See United States v. Shannon, 110 F.3d 382, 388 (7th Cir.1997) (noting that pregnancy can involve, among other things, “morning sickness, fatigue, edema, back pain, weight gain....”); People v. Sargent, 86 Cal.App.3d 148, 150 Cal.Rptr. 113, 116(1) (1978) (noting that “[m]ajor physical changes begin to take place at the time of pregnancy,” which “involves a significant bodily impairment primarily affecting a woman's health and well being.”).
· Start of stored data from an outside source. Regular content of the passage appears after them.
(* Let $\alpha>-1$, $\alpha\ne0$, and let $\eta_1=\eta_1(\alpha)\in(0,1)$ be the root of the equation $\eta^\alpha=\dfrac{1}{1+\alpha(\eta+1)}$. Define for $0\le\eta\le1$ $$\psi_0(\alpha,\eta)=\dfrac{(1+\eta^{\alpha+1})^{1/\alpha}}{(1+\eta)^{(\alpha+1)/\alpha}}+\dfrac{(\alpha+1)^{(\alpha+1)/\alpha}}{\alpha}\left[\dfrac1{1+\eta^{\alpha+1}}-\dfrac1{1+\eta}\right],\qquad \psi_1(\alpha,\eta)=2\dfrac{(1+\eta^{\alpha+1})^{1/\alpha}}{(1+\eta)^{(\alpha+1)/\alpha}},$$ and let $\psi(\alpha,\eta)=\psi_0(\alpha,\eta)$ for $0\le\eta\le\eta_1$ and $\psi(\alpha,\eta)=\psi_1(\alpha,\eta)$ for $\eta_1\le\eta\le1$. Then $$\max_{0\le\eta\le1}\psi(\alpha,\eta)=\max_{0\le\eta\le\eta_1}\psi_0(\alpha,\eta).$$ *)

theory Defs
  imports "HOL-Analysis.Analysis"
begin

definition psi0 :: "real \<Rightarrow> real \<Rightarrow> real" where
  "psi0 \<alpha> \<eta> =
     (1 + \<eta> powr (\<alpha> + 1)) powr (1 / \<alpha>) / (1 + \<eta>) powr ((\<alpha> + 1) / \<alpha>)
     + ((\<alpha> + 1) powr ((\<alpha> + 1) / \<alpha>) / \<alpha>)
       * (1 / (1 + \<eta> powr (\<alpha> + 1)) - 1 / (1 + \<eta>))"

definition psi1 :: "real \<Rightarrow> real \<Rightarrow> real" where
  "psi1 \<alpha> \<eta> =
     2 * ((1 + \<eta> powr (\<alpha> + 1)) powr (1 / \<alpha>) / (1 + \<eta>) powr ((\<alpha> + 1) / \<alpha>))"

definition psi :: "real \<Rightarrow> real \<Rightarrow> real \<Rightarrow> real" where
  "psi \<alpha> \<eta>1 \<eta> = (if \<eta> \<le> \<eta>1 then psi0 \<alpha> \<eta> else psi1 \<alpha> \<eta>)"

end

theory Submission
  imports Defs
begin

text \<open>
  On \<open>(0, 1]\<close> the function \<open>psi1 \<alpha>\<close> is non-increasing: the logarithm of
  \<open>(1 + \<eta> powr (\<alpha> + 1)) powr (1 / \<alpha>) / (1 + \<eta>) powr ((\<alpha> + 1) / \<alpha>)\<close> has derivative
  \<open>(\<alpha> + 1) (\<eta> powr \<alpha> - 1) / (\<alpha> (1 + \<eta> powr (\<alpha> + 1)) (1 + \<eta>))\<close>, and \<open>(\<eta> powr \<alpha> - 1) / \<alpha> \<le> 0\<close>
  for \<open>\<eta> \<le> 1\<close>. The equation defining \<open>\<eta>1\<close> makes both \<open>psi0 \<alpha> \<eta>1\<close> and \<open>psi1 \<alpha> \<eta>1\<close> equal to
  \<open>2 (1 + \<alpha>) powr (1 / \<alpha>) \<eta>1 / (1 + \<eta>1)\<close>, so every value of \<open>psi\<close> beyond \<open>\<eta>1\<close> is
  dominated by \<open>psi0 \<alpha> \<eta>1\<close>.
\<close>

lemma SUP_real_eq_if_dominated:
  fixes f g :: "'a \<Rightarrow> real"
  assumes "A \<subseteq> B" "\<And>x. x \<in> A \<Longrightarrow> f x = g x" "\<And>x. x \<in> B \<Longrightarrow> \<exists>y\<in>A. f x \<le> g y"
  shows "(SUP x\<in>B. f x) = (SUP x\<in>A. g x)"
proof -
  have "(\<forall>x\<in>B. f x \<le> z) \<longleftrightarrow> (\<forall>y\<in>A. g y \<le> z)" for z
  proof
    assume "\<forall>x\<in>B. f x \<le> z"
    then show "\<forall>y\<in>A. g y \<le> z"
      using assms(1,2) by (metis subsetD)
  next
    assume "\<forall>y\<in>A. g y \<le> z"
    then show "\<forall>x\<in>B. f x \<le> z"
      using assms(3) by (meson order_trans)
  qed
  \<comment> \<open>No boundedness needed: \<open>Sup\<close> on \<open>real\<close> is the least upper bound, so it depends only
    on the set of upper bounds.\<close>
  then show ?thesis
    unfolding Sup_real_def by simp
qed

lemma powr_minus_one_div_nonpos:
  fixes x \<alpha> :: real
  assumes "0 < x" "x \<le> 1"
  shows "(x powr \<alpha> - 1) / \<alpha> \<le> 0"
proof (cases "\<alpha> \<ge> 0")
  case True
  then have "x powr \<alpha> \<le> 1"
    using assms by (simp add: powr_le1)
  with True show ?thesis
    by (simp add: divide_nonpos_nonneg)
next
  case False
  then have "1 \<le> x powr \<alpha>"
    using powr_mono2'[of \<alpha> x 1] assms by simp
  with False show ?thesis
    by (simp add: divide_nonneg_neg)
qed

lemma has_real_derivative_ln_psi_factor:
  fixes \<alpha> x :: real
  assumes "0 < x" "\<alpha> \<noteq> 0"
  shows "((\<lambda>y. ln (1 + y powr (\<alpha> + 1)) / \<alpha> - (\<alpha> + 1) * ln (1 + y) / \<alpha>)
    has_real_derivative
      (\<alpha> + 1) * ((x powr \<alpha> - 1) / \<alpha>) / ((1 + x powr (\<alpha> + 1)) * (1 + x))) (at x)"
proof -
  have pos: "0 < 1 + x powr (\<alpha> + 1)"
    by (simp add: add_pos_nonneg)
  have "((\<lambda>y. y powr (\<alpha> + 1)) has_real_derivative (\<alpha> + 1) * x powr \<alpha>) (at x)"
    using has_real_derivative_powr[OF assms(1), of "\<alpha> + 1"] by simp
  then have "((\<lambda>y. ln (1 + y powr (\<alpha> + 1)) / \<alpha> - (\<alpha> + 1) * ln (1 + y) / \<alpha>)
    has_real_derivative
      ((\<alpha> + 1) * x powr \<alpha>) / (1 + x powr (\<alpha> + 1)) / \<alpha> - (\<alpha> + 1) * (1 / (1 + x)) / \<alpha>) (at x)"
    using assms pos by (auto intro!: derivative_eq_intros)
  moreover have "((\<alpha> + 1) * x powr \<alpha>) / (1 + x powr (\<alpha> + 1)) / \<alpha> - (\<alpha> + 1) * (1 / (1 + x)) / \<alpha>
      = (\<alpha> + 1) * ((x powr \<alpha> - 1) / \<alpha>) / ((1 + x powr (\<alpha> + 1)) * (1 + x))"
    using assms pos by (simp add: divide_simps) (simp add: powr_add algebra_simps)
  ultimately show ?thesis
    by simp
qed

lemma psi1_antimono:
  fixes \<alpha> a b :: real
  assumes "\<alpha> > -1" "\<alpha> \<noteq> 0" "0 < a" "a \<le> b" "b \<le> 1"
  shows "psi1 \<alpha> b \<le> psi1 \<alpha> a"
proof -
  define L where "L y = ln (1 + y powr (\<alpha> + 1)) / \<alpha> - (\<alpha> + 1) * ln (1 + y) / \<alpha>" for y :: real
  have psi1_exp: "psi1 \<alpha> y = 2 * exp (L y)" if "0 < y" for y
    using that
    by (simp add: psi1_def L_def powr_def exp_diff mult.commute add_pos_pos[THEN order_less_imp_not_eq2])
  have "L b \<le> L a"
  proof (rule DERIV_nonpos_imp_nonincreasing[OF \<open>a \<le> b\<close>])
    fix x
    assume x: "a \<le> x" "x \<le> b"
    then have "0 < x" "x \<le> 1"
      using assms by auto
    have "(\<alpha> + 1) * ((x powr \<alpha> - 1) / \<alpha>) \<le> 0"
      using assms(1) \<open>0 < x\<close> \<open>x \<le> 1\<close>
      by (intro mult_nonneg_nonpos powr_minus_one_div_nonpos) auto
    moreover have "0 < (1 + x powr (\<alpha> + 1)) * (1 + x)"
      using \<open>0 < x\<close> by (simp add: add_pos_nonneg)
    ultimately have "(\<alpha> + 1) * ((x powr \<alpha> - 1) / \<alpha>) / ((1 + x powr (\<alpha> + 1)) * (1 + x)) \<le> 0"
      by (rule divide_nonpos_pos)
    then show "\<exists>y. (L has_real_derivative y) (at x) \<and> y \<le> 0"
      using has_real_derivative_ln_psi_factor[OF \<open>0 < x\<close> \<open>\<alpha> \<noteq> 0\<close>]
      unfolding L_def[abs_def] by blast
  qed
  then show ?thesis
    using assms by (simp add: psi1_exp)
qed

lemma powr_succ_at_root:
  fixes \<alpha> t :: real
  assumes "0 < t" "t powr \<alpha> = 1 / (1 + \<alpha> * (t + 1))"
  shows "0 < 1 + \<alpha> * (t + 1)"
    and "1 + t powr (\<alpha> + 1) = (1 + \<alpha>) * (1 + t) / (1 + \<alpha> * (t + 1))"
proof -
  have "0 < t powr \<alpha>"
    using assms(1) by simp
  then show D: "0 < 1 + \<alpha> * (t + 1)"
    unfolding assms(2) by (simp add: zero_less_divide_1_iff)
  have "t powr (\<alpha> + 1) = t / (1 + \<alpha> * (t + 1))"
    using assms by (simp add: powr_add)
  then show "1 + t powr (\<alpha> + 1) = (1 + \<alpha>) * (1 + t) / (1 + \<alpha> * (t + 1))"
    using D by (simp add: field_simps)
qed

lemma psi_factor_at_root:
  fixes \<alpha> t :: real
  assumes "\<alpha> > -1" "\<alpha> \<noteq> 0" "0 < t" and root: "t powr \<alpha> = 1 / (1 + \<alpha> * (t + 1))"
  shows "(1 + t powr (\<alpha> + 1)) powr (1 / \<alpha>) / (1 + t) powr ((\<alpha> + 1) / \<alpha>)
    = (1 + \<alpha>) powr (1 / \<alpha>) * t / (1 + t)"
proof -
  define D where "D = 1 + \<alpha> * (t + 1)"
  have D: "0 < D" and sum: "1 + t powr (\<alpha> + 1) = (1 + \<alpha>) * (1 + t) / D"
    using powr_succ_at_root[OF \<open>0 < t\<close> root] by (simp_all add: D_def)
  have "t = (t powr \<alpha>) powr (1 / \<alpha>)"
    using \<open>\<alpha> \<noteq> 0\<close> \<open>0 < t\<close> by (simp add: powr_powr)
  also have "\<dots> = 1 / D powr (1 / \<alpha>)"
    using D by (simp add: root D_def[symmetric] powr_divide)
  finally have t: "D powr (1 / \<alpha>) = 1 / t"
    using D \<open>0 < t\<close> by (auto simp: field_simps)
  have exp: "(1 + t) powr ((\<alpha> + 1) / \<alpha>) = (1 + t) * (1 + t) powr (1 / \<alpha>)"
    using assms by (simp add: add_divide_distrib powr_add)
  show ?thesis
    unfolding sum exp using assms D by (simp add: powr_divide powr_mult t)
qed

lemma psi0_correction_at_root:
  fixes \<alpha> t :: real
  assumes "\<alpha> > -1" "\<alpha> \<noteq> 0" "0 < t" and root: "t powr \<alpha> = 1 / (1 + \<alpha> * (t + 1))"
  shows "(\<alpha> + 1) powr ((\<alpha> + 1) / \<alpha>) / \<alpha> * (1 / (1 + t powr (\<alpha> + 1)) - 1 / (1 + t))
    = (1 + \<alpha>) powr (1 / \<alpha>) * t / (1 + t)"
proof -
  define D where "D = 1 + \<alpha> * (t + 1)"
  have D: "0 < D" and sum: "1 + t powr (\<alpha> + 1) = (1 + \<alpha>) * (1 + t) / D"
    using powr_succ_at_root[OF \<open>0 < t\<close> root] by (simp_all add: D_def)
  have "1 / (1 + t powr (\<alpha> + 1)) - 1 / (1 + t) = D / ((1 + \<alpha>) * (1 + t)) - (1 + \<alpha>) / ((1 + \<alpha>) * (1 + t))"
    unfolding sum using assms by simp
  also have "\<dots> = \<alpha> * t / ((1 + \<alpha>) * (1 + t))"
    unfolding diff_divide_distrib[symmetric] by (simp add: D_def algebra_simps)
  finally have diff: "1 / (1 + t powr (\<alpha> + 1)) - 1 / (1 + t) = \<alpha> * t / ((1 + \<alpha>) * (1 + t))" .
  have exp: "(\<alpha> + 1) powr ((\<alpha> + 1) / \<alpha>) = (1 + \<alpha>) * (1 + \<alpha>) powr (1 / \<alpha>)"
    using assms by (simp add: add_divide_distrib powr_add add.commute)
  show ?thesis
    unfolding diff exp using assms by (simp add: divide_simps)
qed

lemma psi1_eq_psi0_at_root:
  fixes \<alpha> t :: real
  assumes "\<alpha> > -1" "\<alpha> \<noteq> 0" "0 < t" "t powr \<alpha> = 1 / (1 + \<alpha> * (t + 1))"
  shows "psi1 \<alpha> t = psi0 \<alpha> t"
  unfolding psi0_def psi1_def psi_factor_at_root[OF assms] psi0_correction_at_root[OF assms]
  by simp

theorem corollary2p4:
  fixes \<alpha> \<eta>1 :: real
  assumes "\<alpha> > -1" and "\<alpha> \<noteq> 0"
    and "0 < \<eta>1" and "\<eta>1 < 1"
    and "\<eta>1 powr \<alpha> = 1 / (1 + \<alpha> * (\<eta>1 + 1))"
  shows "(SUP \<eta>\<in>{0..1}. psi \<alpha> \<eta>1 \<eta>) = (SUP \<eta>\<in>{0..\<eta>1}. psi0 \<alpha> \<eta>)"
proof (rule SUP_real_eq_if_dominated)
  show "{0..\<eta>1} \<subseteq> {0..1}"
    using assms by auto
  show "psi \<alpha> \<eta>1 \<eta> = psi0 \<alpha> \<eta>" if "\<eta> \<in> {0..\<eta>1}" for \<eta>
    using that by (simp add: psi_def)
  show "\<exists>\<eta>'\<in>{0..\<eta>1}. psi \<alpha> \<eta>1 \<eta> \<le> psi0 \<alpha> \<eta>'" if "\<eta> \<in> {0..1}" for \<eta>
  proof (cases "\<eta> \<le> \<eta>1")
    case True
    then have "psi \<alpha> \<eta>1 \<eta> = psi0 \<alpha> \<eta>" and "\<eta> \<in> {0..\<eta>1}"
      using that by (simp_all add: psi_def)
    then show ?thesis
      by (intro bexI[of _ \<eta>]) simp_all
  next
    case False
    then have "psi \<alpha> \<eta>1 \<eta> = psi1 \<alpha> \<eta>"
      by (simp add: psi_def)
    also have "\<dots> \<le> psi1 \<alpha> \<eta>1"
      using assms that False by (intro psi1_antimono) auto
    also have "\<dots> = psi0 \<alpha> \<eta>1"
      using assms by (intro psi1_eq_psi0_at_root)
    finally show ?thesis
      using \<open>0 < \<eta>1\<close> by (intro bexI[of _ \<eta>1]) simp_all
  qed
qed

end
I fully concur, then, with the majority's opinion, and as such, it may be cited as precedential authority in future cases. I do so, however, with the understanding that our characterization of the physical changes and conditions associated with a pregnancy caused by child molestation as a “physical injury” is limited to this unique statutory context ( i.e., as a basis for an enhanced criminal penalty against a child molester). Nothing in this opinion may be used to deny a mother or her unborn child any rights, protections, or privileges that they would otherwise be entitled to under state or federal law.